Provided data:
lemma edge_string_pedges_near:
  assumes f: "f \<in> F" and x: "x \<in> pedge k" and y: "y \<in> pedge (k + d)" and "d \<le> 2"
  shows "\<exists>ss. string_ok F cor on_common_pedge (f, x) (f, y) ss \<and> string_len ss \<le> 3 * cmod (x - y)"
    and "\<exists>ss. string_ok F cor on_common_pedge (f, y) (f, x) ss \<and> string_len ss \<le> 3 * cmod (x - y)"
proof -
  consider "d = 0" | "d = 1" | "d = 2" using \<open>d \<le> 2\<close> by linarith
  then have "(\<exists>ss. string_ok F cor on_common_pedge (f, x) (f, y) ss \<and> string_len ss \<le> 3 * cmod (x - y)) \<and>
    (\<exists>ss. string_ok F cor on_common_pedge (f, y) (f, x) ss \<and> string_len ss \<le> 3 * cmod (x - y))"
  proof cases
    case 1
    have "string_len [(f, x, y)] \<le> 3 * cmod (x - y)" "string_len [(f, y, x)] \<le> 3 * cmod (x - y)"
      by (simp_all add: norm_minus_commute)
    moreover have "string_ok F cor on_common_pedge (f, x) (f, y) [(f, x, y)]"
      "string_ok F cor on_common_pedge (f, y) (f, x) [(f, y, x)]"
      using f x y 1 by (simp_all add: string_ok_within_pedge)
    ultimately show ?thesis by blast
  next
    case 2
    let ?c = "pc (Suc k)"
    have "cmod (x - ?c) + cmod (?c - y) \<le> 3 * cmod (x - y)"
      using detour_adjacent_pedges[OF x] y 2 by simp
    then have "string_len [(f, x, ?c), (f, ?c, y)] \<le> 3 * cmod (x - y)"
      "string_len [(f, y, ?c), (f, ?c, x)] \<le> 3 * cmod (x - y)"
      by (simp_all add: norm_minus_commute[of y ?c] norm_minus_commute[of ?c x])
    moreover have "string_ok F cor on_common_pedge (f, x) (f, y) [(f, x, ?c), (f, ?c, y)]"
      "string_ok F cor on_common_pedge (f, y) (f, x) [(f, y, ?c), (f, ?c, x)]"
      using f x y 2 pc_in_pedge by (auto intro: string_ok_two_pedges)
    ultimately show ?thesis by blast
  next
    case 3
    let ?c = "pc (Suc k)" and ?c' = "pc (Suc (Suc k))"
    have "cmod (x - ?c) + cmod (?c - ?c') + cmod (?c' - y) \<le> 3 * cmod (x - y)"
      using detour_pedges_two_apart[OF x] y 3 by (simp add: numeral_2_eq_2)
    then have "string_len [(f, x, ?c), (f, ?c, ?c'), (f, ?c', y)] \<le> 3 * cmod (x - y)"
      "string_len [(f, y, ?c'), (f, ?c', ?c), (f, ?c, x)] \<le> 3 * cmod (x - y)"
      by (simp_all add: norm_minus_commute[of y ?c'] norm_minus_commute[of ?c' ?c]
          norm_minus_commute[of ?c x])
    moreover have "string_ok F cor on_common_pedge (f, x) (f, y) [(f, x, ?c), (f, ?c, ?c'), (f, ?c', y)]"
      "string_ok F cor on_common_pedge (f, y) (f, x) [(f, y, ?c'), (f, ?c', ?c), (f, ?c, x)]"
      using f x y 3 pc_in_pedge[of k] pc_in_pedge[of "Suc k"] pc_in_pedge[of "Suc (Suc k)"]
      by (auto intro: string_ok_three_pedges)
    ultimately show ?thesis by blast
  qed
  then show "\<exists>ss. string_ok F cor on_common_pedge (f, x) (f, y) ss \<and> string_len ss \<le> 3 * cmod (x - y)"
    and "\<exists>ss. string_ok F cor on_common_pedge (f, y) (f, x) ss \<and> string_len ss \<le> 3 * cmod (x - y)"
    by blast+
qed

lemma edge_string_in_face:
  assumes f: "f \<in> F" and z: "z \<in> skel" and w: "w \<in> skel"
  shows "\<exists>ss. string_ok F cor on_common_pedge (f, z) (f, w) ss \<and> string_len ss \<le> 3 * cmod (z - w)"
proof -
  obtain k j where k: "k < 5" "z \<in> pedge k" and j: "j < 5" "w \<in> pedge j"
    using z w unfolding skel_def by auto
  have "k \<in> {0, 1, 2, 3, 4}" "j \<in> {0, 1, 2, 3, 4}" using k(1) j(1) by auto
  then have "\<exists>d\<in>{0, 1, 2}. (k + d) mod 5 = j \<or> (j + d) mod 5 = k" by auto
  then obtain d where "d \<in> {0, 1, 2}" and near: "(k + d) mod 5 = j \<or> (j + d) mod 5 = k"
    by blast
  then have "d \<le> 2" by auto
  from near show ?thesis
  proof
    assume "(k + d) mod 5 = j"
    then have "w \<in> pedge (k + d)" using j(2) pedge_mod[of "k + d"] by simp
    then show ?thesis using edge_string_pedges_near(1)[OF f k(2) _ \<open>d \<le> 2\<close>] by blast
  next
    assume "(j + d) mod 5 = k"
    then have "z \<in> pedge (j + d)" using k(2) pedge_mod[of "j + d"] by simp
    from edge_string_pedges_near(2)[OF f j(2) this \<open>d \<le> 2\<close>] show ?thesis
      by (simp add: norm_minus_commute[of w z])
  qed
qed

section \<open>Gluing and straightening of strings\<close>

definition faces_share_vertex :: "'f set \<Rightarrow> ('f \<Rightarrow> nat \<Rightarrow> 'v) \<Rightarrow> ('f \<times> 'f) set" where
  "faces_share_vertex F cor = {(a, b). a \<in> F \<and> b \<in> F \<and> (\<exists>k<5. \<exists>j<5. cor a k = cor b j)}"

Exercise directions: Once more, write out the records in full, exactly as they appear.

Exercise answer:
lemma edge_string_pedges_near:
  assumes f: "f \<in> F" and x: "x \<in> pedge k" and y: "y \<in> pedge (k + d)" and "d \<le> 2"
  shows "\<exists>ss. string_ok F cor on_common_pedge (f, x) (f, y) ss \<and> string_len ss \<le> 3 * cmod (x - y)"
    and "\<exists>ss. string_ok F cor on_common_pedge (f, y) (f, x) ss \<and> string_len ss \<le> 3 * cmod (x - y)"
proof -
  consider "d = 0" | "d = 1" | "d = 2" using \<open>d \<le> 2\<close> by linarith
  then have "(\<exists>ss. string_ok F cor on_common_pedge (f, x) (f, y) ss \<and> string_len ss \<le> 3 * cmod (x - y)) \<and>
    (\<exists>ss. string_ok F cor on_common_pedge (f, y) (f, x) ss \<and> string_len ss \<le> 3 * cmod (x - y))"
  proof cases
    case 1
    have "string_len [(f, x, y)] \<le> 3 * cmod (x - y)" "string_len [(f, y, x)] \<le> 3 * cmod (x - y)"
      by (simp_all add: norm_minus_commute)
    moreover have "string_ok F cor on_common_pedge (f, x) (f, y) [(f, x, y)]"
      "string_ok F cor on_common_pedge (f, y) (f, x) [(f, y, x)]"
      using f x y 1 by (simp_all add: string_ok_within_pedge)
    ultimately show ?thesis by blast
  next
    case 2
    let ?c = "pc (Suc k)"
    have "cmod (x - ?c) + cmod (?c - y) \<le> 3 * cmod (x - y)"
      using detour_adjacent_pedges[OF x] y 2 by simp
    then have "string_len [(f, x, ?c), (f, ?c, y)] \<le> 3 * cmod (x - y)"
      "string_len [(f, y, ?c), (f, ?c, x)] \<le> 3 * cmod (x - y)"
      by (simp_all add: norm_minus_commute[of y ?c] norm_minus_commute[of ?c x])
    moreover have "string_ok F cor on_common_pedge (f, x) (f, y) [(f, x, ?c), (f, ?c, y)]"
      "string_ok F cor on_common_pedge (f, y) (f, x) [(f, y, ?c), (f, ?c, x)]"
      using f x y 2 pc_in_pedge by (auto intro: string_ok_two_pedges)
    ultimately show ?thesis by blast
  next
    case 3
    let ?c = "pc (Suc k)" and ?c' = "pc (Suc (Suc k))"
    have "cmod (x - ?c) + cmod (?c - ?c') + cmod (?c' - y) \<le> 3 * cmod (x - y)"
      using detour_pedges_two_apart[OF x] y 3 by (simp add: numeral_2_eq_2)
    then have "string_len [(f, x, ?c), (f, ?c, ?c'), (f, ?c', y)] \<le> 3 * cmod (x - y)"
      "string_len [(f, y, ?c'), (f, ?c', ?c), (f, ?c, x)] \<le> 3 * cmod (x - y)"
      by (simp_all add: norm_minus_commute[of y ?c'] norm_minus_commute[of ?c' ?c]
          norm_minus_commute[of ?c x])
    moreover have "string_ok F cor on_common_pedge (f, x) (f, y) [(f, x, ?c), (f, ?c, ?c'), (f, ?c', y)]"
      "string_ok F cor on_common_pedge (f, y) (f, x) [(f, y, ?c'), (f, ?c', ?c), (f, ?c, x)]"
      using f x y 3 pc_in_pedge[of k] pc_in_pedge[of "Suc k"] pc_in_pedge[of "Suc (Suc k)"]
      by (auto intro: string_ok_three_pedges)
    ultimately show ?thesis by blast
  qed
  then show "\<exists>ss. string_ok F cor on_common_pedge (f, x) (f, y) ss \<and> string_len ss \<le> 3 * cmod (x - y)"
    and "\<exists>ss. string_ok F cor on_common_pedge (f, y) (f, x) ss \<and> string_len ss \<le> 3 * cmod (x - y)"
    by blast+
qed

lemma edge_string_in_face:
  assumes f: "f \<in> F" and z: "z \<in> skel" and w: "w \<in> skel"
  shows "\<exists>ss. string_ok F cor on_common_pedge (f, z) (f, w) ss \<and> string_len ss \<le> 3 * cmod (z - w)"
proof -
  obtain k j where k: "k < 5" "z \<in> pedge k" and j: "j < 5" "w \<in> pedge j"
    using z w unfolding skel_def by auto
  have "k \<in> {0, 1, 2, 3, 4}" "j \<in> {0, 1, 2, 3, 4}" using k(1) j(1) by auto
  then have "\<exists>d\<in>{0, 1, 2}. (k + d) mod 5 = j \<or> (j + d) mod 5 = k" by auto
  then obtain d where "d \<in> {0, 1, 2}" and near: "(k + d) mod 5 = j \<or> (j + d) mod 5 = k"
    by blast
  then have "d \<le> 2" by auto
  from near show ?thesis
  proof
    assume "(k + d) mod 5 = j"
    then have "w \<in> pedge (k + d)" using j(2) pedge_mod[of "k + d"] by simp
    then show ?thesis using edge_string_pedges_near(1)[OF f k(2) _ \<open>d \<le> 2\<close>] by blast
  next
    assume "(j + d) mod 5 = k"
    then have "z \<in> pedge (j + d)" using k(2) pedge_mod[of "j + d"] by simp
    from edge_string_pedges_near(2)[OF f j(2) this \<open>d \<le> 2\<close>] show ?thesis
      by (simp add: norm_minus_commute[of w z])
  qed
qed

section \<open>Gluing and straightening of strings\<close>

definition faces_share_vertex :: "'f set \<Rightarrow> ('f \<Rightarrow> nat \<Rightarrow> 'v) \<Rightarrow> ('f \<times> 'f) set" where
  "faces_share_vertex F cor = {(a, b). a \<in> F \<and> b \<in> F \<and> (\<exists>k<5. \<exists>j<5. cor a k = cor b j)}"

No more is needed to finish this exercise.